Estimated Cost Savings:
Estimated cost for green roofs is $8-25 per square foot, depending on the type of roof (extensive or intensive; see "Issues" and "Installation"), soil and vegetation desired, and location of the home or business. Costs may be higher in urban areas because of traffic costs, or in areas where materials aren't readily available. Savings for the homeowner on monthly cooling costs vary depending on climate, building type, and typical building use; however, according to a 2002 Canadian Research Council study, green roofs can reduce peak energy demands up to 75%, but the average homeowner utilizing a green roof reported 20-25% reduction in heating and cooling costs. Some insurance companies, such as State Farm, are also offering a reduction in home insurance costs of up to 33% for installing green roofs. Companies installing green roofs could also potentially gain emissions trading credits or LEED points. It should be noted that the cost of replacing or fixing a green roof is usually higher than that of replacing or fixing an ordinary roof, but the savings due to the extended lifetime of green roofs will counterbalance these costs in most cases.

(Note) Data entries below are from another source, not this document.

(* Let $f_1$ and $g_1$ be smooth functions of one variable and consider the equation $$m_t+u_xf_1(u^2-u_x^2)\,m+\Big(\big(uf_1(u^2-u_x^2)+g_1(u^2-u_x^2)\big)m\Big)_x=0,\qquad m=u-u_{xx}.$$ No smooth solitary travelling wave solutions of this equation exist with arbitrary wave speed: for every constant $c\neq0$ with $c\neq g_1(0)$ there is no smooth solitary travelling wave solution with speed $c$. In particular, if $g_1(0)=0$, no smooth solitary travelling wave solutions exist (neither with arbitrary nor with a fixed wave speed).
   Context: A smooth solitary travelling wave solution with speed $c\neq0$ is a solution of the form $u=U(\xi)$, $\xi=x-ct$, with $U$ smooth and not identically zero, such that $U$ and its derivatives tend to zero as $|\xi|\to\infty$. *)

theory Defs
  imports "HOL-Analysis.Analysis"
begin

definition smooth :: "(real \<Rightarrow> real) \<Rightarrow> bool" where
  "smooth f \<longleftrightarrow> (\<forall>n x. (deriv ^^ n) f differentiable (at x))"

definition solitary_profile :: "(real \<Rightarrow> real) \<Rightarrow> bool" where
  "solitary_profile U \<longleftrightarrow> smooth U \<and> (\<exists>\<xi>. U \<xi> \<noteq> 0) \<and>
     (\<forall>n. ((deriv ^^ n) U \<longlongrightarrow> 0) at_top \<and> ((deriv ^^ n) U \<longlongrightarrow> 0) at_bot)"

definition pdx :: "(real \<Rightarrow> real \<Rightarrow> real) \<Rightarrow> real \<Rightarrow> real \<Rightarrow> real" where
  "pdx w t x = deriv (\<lambda>y. w t y) x"

definition pdt :: "(real \<Rightarrow> real \<Rightarrow> real) \<Rightarrow> real \<Rightarrow> real \<Rightarrow> real" where
  "pdt w t x = deriv (\<lambda>s. w s x) t"

definition solves_eq :: "(real \<Rightarrow> real) \<Rightarrow> (real \<Rightarrow> real) \<Rightarrow> (real \<Rightarrow> real \<Rightarrow> real) \<Rightarrow> bool" where
  "solves_eq f1 g1 u \<longleftrightarrow>
    (let m = (\<lambda>t x. u t x - pdx (pdx u) t x);
         Q = (\<lambda>t x. (u t x)\<^sup>2 - (pdx u t x)\<^sup>2)
     in \<forall>t x. pdt m t x + pdx u t x * f1 (Q t x) * m t x
              + pdx (\<lambda>t x. (u t x * f1 (Q t x) + g1 (Q t x)) * m t x) t x = 0)"

end

theory Submission
  imports Defs
begin

text \<open>
  Write the travelling wave as \<open>u = U(x - c t)\<close> and put \<open>m = U - U''\<close>, \<open>Q = U\<^sup>2 - U'\<^sup>2\<close>.
  Since \<open>Q' = 2 U' m\<close>, the term \<open>U' f\<^sub>1(Q) m\<close> is the derivative of \<open>F(Q)/2\<close> with
  \<open>F' = f\<^sub>1\<close>, \<open>F(0) = 0\<close>, so the equation integrates (using the decay at \<open>-\<infinity>\<close>) to
  \<open>(U f\<^sub>1(Q) + g\<^sub>1(Q) - c) m + F(Q)/2 = 0\<close>, and this in turn gives the second first integral
  \<open>U F(Q) + G(Q) = c Q\<close> with \<open>G' = g\<^sub>1\<close>, \<open>G(0) = 0\<close>.
  Where \<open>Q \<noteq> 0\<close> the latter reads \<open>U F(Q)/Q + G(Q)/Q = c\<close>, and as \<open>Q \<rightarrow> 0\<close> the two
  quotients tend to \<open>f\<^sub>1(0)\<close> and \<open>g\<^sub>1(0)\<close>. As \<open>U \<rightarrow> 0\<close> at \<open>-\<infinity>\<close> and \<open>c \<noteq> g\<^sub>1(0)\<close>, \<open>Q\<close>
  vanishes near \<open>-\<infinity>\<close>; it does not vanish everywhere, because \<open>Q = U\<^sup>2 > 0\<close> at an extremum
  of \<open>U\<close>. At the left end \<open>\<alpha>\<close> of the support of \<open>Q\<close> we get \<open>U(\<alpha>) f\<^sub>1(0) + g\<^sub>1(0) = c\<close>,
  hence \<open>U(\<alpha>) \<noteq> 0\<close>, hence \<open>U'(\<alpha>) \<noteq> 0\<close>, and \<open>Q'(\<alpha>) = 2 U'(\<alpha>) m(\<alpha>) = 0\<close> forces \<open>m(\<alpha>) = 0\<close>.
  Near \<open>\<alpha>\<close> the first integral then gives \<open>F(Q)/Q = O(m) \<rightarrow> 0\<close>, i.e. \<open>f\<^sub>1(0) = 0\<close>,
  which contradicts \<open>U(\<alpha>) f\<^sub>1(0) = c - g\<^sub>1(0) \<noteq> 0\<close>.
\<close>

lemma smooth_deriv: "smooth f \<Longrightarrow> smooth (deriv f)"
  unfolding smooth_def by (metis funpow_Suc_right comp_apply)

lemma smooth_has_real_derivative:
  "smooth f \<Longrightarrow> (f has_real_derivative deriv f x) (at x)"
  unfolding smooth_def by (metis DERIV_deriv_iff_real_differentiable funpow_0)

lemma smooth_differentiable: "smooth f \<Longrightarrow> f differentiable (at x)"
  unfolding smooth_def by (metis funpow_0)

lemma pdx_travelling_wave:
  assumes "\<And>\<xi>. V differentiable (at \<xi>)"
  shows "pdx (\<lambda>t x. V (x - c * t)) t x = deriv V (x - c * t)"
proof -
  have "((\<lambda>y. V (y - c * t)) has_real_derivative deriv V (x - c * t) * 1) (at x)"
    using assms by (intro DERIV_chain2[of V])
      (auto intro!: derivative_eq_intros simp: DERIV_deriv_iff_real_differentiable)
  then show ?thesis unfolding pdx_def by (simp add: DERIV_imp_deriv)
qed

lemma pdt_travelling_wave:
  assumes "\<And>\<xi>. V differentiable (at \<xi>)"
  shows "pdt (\<lambda>t x. V (x - c * t)) t x = - c * deriv V (x - c * t)"
proof -
  have "((\<lambda>s. V (x - c * s)) has_real_derivative deriv V (x - c * t) * - c) (at t)"
    using assms by (intro DERIV_chain2[of V])
      (auto intro!: derivative_eq_intros simp: DERIV_deriv_iff_real_differentiable)
  then show ?thesis unfolding pdt_def by (simp add: DERIV_imp_deriv mult.commute)
qed

lemma exists_antiderivative_vanishing_at_0:
  fixes f :: "real \<Rightarrow> real"
  assumes "\<And>x. isCont f x"
  obtains F where "F 0 = 0" "\<And>x. (F has_real_derivative f x) (at x)"
proof -
  obtain F where F: "\<And>x. (F has_vector_derivative f x) (at x)"
    using einterval_antiderivative[of "-\<infinity>" "\<infinity>" f] assms by auto
  show thesis
    by (rule that[of "\<lambda>x. F x - F 0"])
      (use F in \<open>auto simp: has_real_derivative_iff_has_vector_derivative intro!: derivative_eq_intros\<close>)
qed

There are several legal issues associated with green roofs. The homeowner or business owner is usually liable if there is any roof damage due to leakage or roots; therefore, it is very important that green roofs are properly installed and maintained. There is a time commitment for the homeowner or a hired caretaker of the roof, although this commitment can vary greatly. There are two types of green roofs: extensive and intensive. Intensive roofs can support a wider variety of plant life, even small trees, and are labor-intensive, requiring a lot of maintenance. Extensive roofs are much less demanding and are set up to be basically self-sustaining, needing only to be weeded once or twice a year. The time that is available for one to care for the green roof should be taken into account when deciding what type of roof to get and what time of plants to grow.

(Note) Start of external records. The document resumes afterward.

text \<open>Evaluating at an \<open>h\<close> that separates \<open>\<alpha>\<^sub>0\<close> from the other weights and subtracting
  \<open>chi n \<alpha>\<^sub>0 h\<close> times the relation kills the \<open>\<alpha>\<^sub>0\<close>-component, giving a shorter relation.\<close>
lemma weight_vectors_independent:
  assumes "finite S" "S \<subseteq> lattice n" "\<forall>\<alpha>\<in>S. has_weight \<iota> n act (f \<alpha>) \<alpha>" "sum f S = 0"
  shows "\<forall>\<alpha>\<in>S. f \<alpha> = 0"
  using assms
proof (induction S arbitrary: f rule: finite_induct)
  case empty
  then show ?case by simp
next
  case (insert \<alpha>\<^sub>0 S f)
  have rel: "f \<alpha>\<^sub>0 + sum f S = 0" using insert by simp
  have rest: "f \<alpha> = 0" if \<alpha>: "\<alpha> \<in> S" for \<alpha>
  proof -
    have "\<alpha> \<noteq> \<alpha>\<^sub>0" "\<alpha> \<in> lattice n" "\<alpha>\<^sub>0 \<in> lattice n" using \<alpha> insert by auto
    then obtain h where h: "h \<in> torus n" and sep: "chi n \<alpha> h \<noteq> (chi n \<alpha>\<^sub>0 h :: 'k)"
      using chi_separates by blast
    define g where "g \<beta> = \<iota> (chi n \<beta> h - chi n \<alpha>\<^sub>0 h) * f \<beta>" for \<beta>
    have act_f: "act h (f \<beta>) = \<iota> (chi n \<beta> h) * f \<beta>" if "\<beta> \<in> insert \<alpha>\<^sub>0 S" for \<beta>
      using insert.prems(2) has_weight_act[OF _ h] that by blast
    have "\<iota> (chi n \<alpha>\<^sub>0 h) * f \<alpha>\<^sub>0 + (\<Sum>\<beta>\<in>S. \<iota> (chi n \<beta> h) * f \<beta>) = 0"
      using arg_cong[OF rel, of "act h"] by (simp add: act_add[OF h] act_sum[OF h] act_0[OF h] act_f)
    moreover have "\<iota> (chi n \<alpha>\<^sub>0 h) * f \<alpha>\<^sub>0 + (\<Sum>\<beta>\<in>S. \<iota> (chi n \<alpha>\<^sub>0 h) * f \<beta>) = 0"
      using arg_cong[OF rel, of "\<lambda>z. \<iota> (chi n \<alpha>\<^sub>0 h) * z"] by (simp add: distrib_left sum_distrib_left)
    ultimately have "(\<Sum>\<beta>\<in>S. \<iota> (chi n \<beta> h) * f \<beta>) = (\<Sum>\<beta>\<in>S. \<iota> (chi n \<alpha>\<^sub>0 h) * f \<beta>)"
      by (metis add_left_cancel)
    then have "sum g S = 0"
      by (simp add: g_def Kalg_diff[OF Kalg] left_diff_distrib sum_subtractf)
    moreover have "\<forall>\<beta>\<in>S. has_weight \<iota> n act (g \<beta>) \<beta>"
      using insert.prems(2) has_weight_scale unfolding g_def by blast
    ultimately have "g \<alpha> = 0" using insert.IH[of g] insert.prems(1) \<alpha> by blast
    then show "f \<alpha> = 0" using sep Kalg_mult_eq_0D[OF Kalg] unfolding g_def by (meson right_minus_eq)
  qed
  then have "f \<alpha>\<^sub>0 = 0" using rel by simp
  with rest show ?case by simp
qed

If the roof is being used for recreation, there are obvious potential personal injury issues, so safety must be carefully considered. Another tip for those looking to install green roofs is to set up a system that can collect rainwater or runoff and use that water to irrigate the roof. This keeps water bills lower and is another easy way to recycle resources.

Regional Issues:
Reduction in heating and cooling costs from green roofs is dependent on original demand, which is in turn dependent on local climate. Areas with more extreme temperatures are likely to see the most benefit.

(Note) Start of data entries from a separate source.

lemma good_ideal_one_notin:
  assumes "good_ideal (I :: ('n::finite, 'k::field) mpoly set)"
  shows "mono 0 \<notin> I"
proof
  assume "mono 0 \<in> I"
  then have "mono 0 ^ 1 \<in> I"
    by simp
  then have "mono 0 \<in> radical I"
    unfolding radical_def by blast
  moreover have "(range var :: ('n, 'k) mpoly set) = mono ` range unitv"
    unfolding var_def by (rule image_image[symmetric])
  ultimately have "(mono 0 :: ('n, 'k) mpoly) \<in> ideal_gen (mono ` range unitv)"
    using good_ideal_radical[OF assms] unfolding max_ideal_def by simp
  then have "(0 :: 'n \<Rightarrow> nat) \<in> range unitv"
    using keys_monomial_ideal[of "mono 0 :: ('n, 'k) mpoly" "range unitv" 0] by simp
  then obtain i :: 'n where "unitv i = 0"
    by auto
  then have "unitv i i = 0"
    by simp
  then show False
    by (simp add: unitv_def)
qed

definition axis :: "'n \<Rightarrow> nat \<Rightarrow> 'n \<Rightarrow> nat" where
  "axis i m = (\<lambda>j. if j = i then m else 0)"

lemma sum_axis [simp]: "(\<Sum>j\<in>UNIV. axis (i :: 'n::finite) m j) = m"
  by (simp add: axis_def sum.delta)

lemma good_ideal_pure_power_in:
  assumes "good_ideal (I :: ('n::finite, 'k::field) mpoly set)"
  obtains m where "mono (axis i m) \<in> I"
proof -
  have "var i \<in> (max_ideal :: ('n, 'k) mpoly set)"
    unfolding max_ideal_def using ideal_gen_superset by blast
  then obtain m where "(var i :: ('n, 'k) mpoly) ^ m \<in> I"
    using good_ideal_radical[OF assms] unfolding radical_def by blast
  moreover have "(\<lambda>j. m * unitv i j) = axis i m"
    by (simp add: axis_def unitv_def fun_eq_iff)
  then have "(var i :: ('n, 'k) mpoly) ^ m = mono (axis i m)"
    unfolding var_def mono_power by simp
  ultimately show ?thesis
    using that by simp
qed

lemma good_ideal_dexp:
  assumes "good_ideal (I :: ('n::finite, 'k::field) mpoly set)"
  shows "1 \<le> dexp I i" and "axis i (dexp I i) \<in> mingens I"
proof -
  obtain m where "mono (axis i m) \<in> I"
    using good_ideal_pure_power_in[OF assms] .
  then obtain \<alpha> where \<alpha>: "\<alpha> \<in> mingens I" "\<alpha> \<le> axis i m"
    using exists_mingens_le by blast
  have "\<alpha> = axis i (\<alpha> i)"
  proof
    fix j
    show "\<alpha> j = axis i (\<alpha> i) j"
      using le_funD[OF \<alpha>(2), of j] by (simp add: axis_def split: if_splits)
  qed
  then obtain d where d: "axis i d \<in> mingens I"
    using \<alpha>(1) by (metis (no_types))
  have "d \<noteq> 0"
  proof
    assume "d = 0"
    then have "axis i d = 0"
      by (simp add: axis_def fun_eq_iff)
    then show False
      using mono_in_if_mingens[OF d] good_ideal_one_notin[OF assms] by simp
  qed
  have unique: "d' = d" if "axis i d' \<in> mingens I" for d'
  proof -
    have "axis i d' \<le> axis i d \<or> axis i d \<le> axis i d'"
      by (cases "d' \<le> d") (auto simp: le_fun_def axis_def)
    then have "axis i d' = axis i d"
      using mingens_antichain[OF that d] mingens_antichain[OF d that] by auto
    then have "axis i d' i = axis i d i"
      by simp
    then show ?thesis
      by (simp add: axis_def)
  qed
  have "dexp I i = d"
    unfolding dexp_def axis_def[symmetric]
    by (rule the_equality) (use \<open>d \<noteq> 0\<close> d in simp, use unique in blast)
  then show "1 \<le> dexp I i" "axis i (dexp I i) \<in> mingens I"
    using \<open>d \<noteq> 0\<close> d by simp_all
qed

lemma good_ideal_dexp_multiple_in_pow:
  assumes "good_ideal (I :: ('n::finite, 'k::field) mpoly set)"
  shows "mono (\<lambda>j. c j * dexp I j) \<in> ideal_pow I (\<Sum>j\<in>UNIV. c j)"
proof (induction "\<Sum>j\<in>UNIV. c j" arbitrary: c)
  case 0
  then have "(\<lambda>j. c j * dexp I j) = 0"
    by (simp add: fun_eq_iff)
  then show ?case
    using prod_list_in_ideal_pow[of "[]" 0 I] 0 by (simp add: mono_0)
next
  case (Suc n)
  then obtain i where "0 < c i"
    using sum.neutral[of UNIV c] by (metis gr0I nat.distinct(1))
  define c' where "c' = c(i := c i - 1)"
  have c: "c = c' + axis i 1"
    using \<open>0 < c i\<close> by (auto simp: c'_def axis_def fun_eq_iff)
  then have "n = (\<Sum>j\<in>UNIV. c' j)"
    using Suc.hyps(2) by (simp add: sum.distrib)
  then have "mono (\<lambda>j. c' j * dexp I j) \<in> ideal_pow I n"
    using Suc.hyps(1)[of c'] by simp
  with in_ideal_pow_1[OF mono_in_if_mingens[OF good_ideal_dexp(2)[OF assms]]]
  have "mono (axis i (dexp I i)) * mono (\<lambda>j. c' j * dexp I j) \<in> ideal_pow I (1 + n)"
    by (rule ideal_pow_mult)
  moreover have "(\<lambda>j. c j * dexp I j) = axis i (dexp I i) + (\<lambda>j. c' j * dexp I j)"
    by (subst c) (simp add: axis_def fun_eq_iff)
  ultimately show ?case
    using Suc.hyps(2) by (simp add: mono_add)
qed

lemma dexp_pos: "good_ideal I \<Longrightarrow> 0 < dexp I i"
  using good_ideal_dexp(1)[of I i] by simp

lemma mono_axis_dexp_multiple_in_pow:
  assumes "good_ideal I"
  shows "mono (axis i (k * dexp I i)) \<in> ideal_pow I k"
proof -
  have "(\<lambda>j. axis i k j * dexp I j) = axis i (k * dexp I i)"
    by (simp add: axis_def fun_eq_iff)
  then show ?thesis
    using good_ideal_dexp_multiple_in_pow[OF assms, of "axis i k"] by simp
qed

definition box_index :: "('n, 'k::field) mpoly set \<Rightarrow> ('n \<Rightarrow> nat) \<Rightarrow> 'n \<Rightarrow> nat" where
  "box_index I \<gamma> = (\<lambda>j. \<gamma> j div dexp I j)"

In very dry regions, green roofs require more irrigation. Local weather, such as high winds, should be taken into account when choosing which type of plants to install and how to install them. Pollution reduction is most apparent in heavily polluted regions.

Green roofs must be installed by a professional. Installation involves installing structural support, a vapor control layer, thermal insulation, a waterproof membrane, a drainage layer, a filter membrane, a growing medium (usually soil), and any desired vegetation. Installation of intensive green roofs is more expensive, typically $15-25 per square foot, than extensive green roof installation, typically $8-20 per square foot.

Green roofs can be installed in new or old homes. It is highly recommended or necessary (depending on the roofing company's policy) to consult a structural analyst before installing a green roof to ensure that the roof is tailored to work with a specific roof.

Videos On This Topic:

Green Roofs 101 (4:50) - - Find out what green roofs are, how they are installed, and how they can impact our environment and energy savings.

Green Roofs (6:21) - Green Energy TV - Green roofs are being installed in buildings across the globe, from Germany to the US to Australia to Japan.  In this video, listen as Dr. Patrick Dixon, "Europe's leading futurist" and authority on global trends, discusses various implementations of this technology and what it means for the environment, building temperatures, and finances.

Green Roofs Project in Nebraska (5:19) - Backyard Farmer - Green roofs function not only as a temperature barrier, but as a solution to the problems caused by storm water run-off.  Watch this video to find out more about what green roofs are, what they're made of, and how the different types of plants work to help improve home surroundings.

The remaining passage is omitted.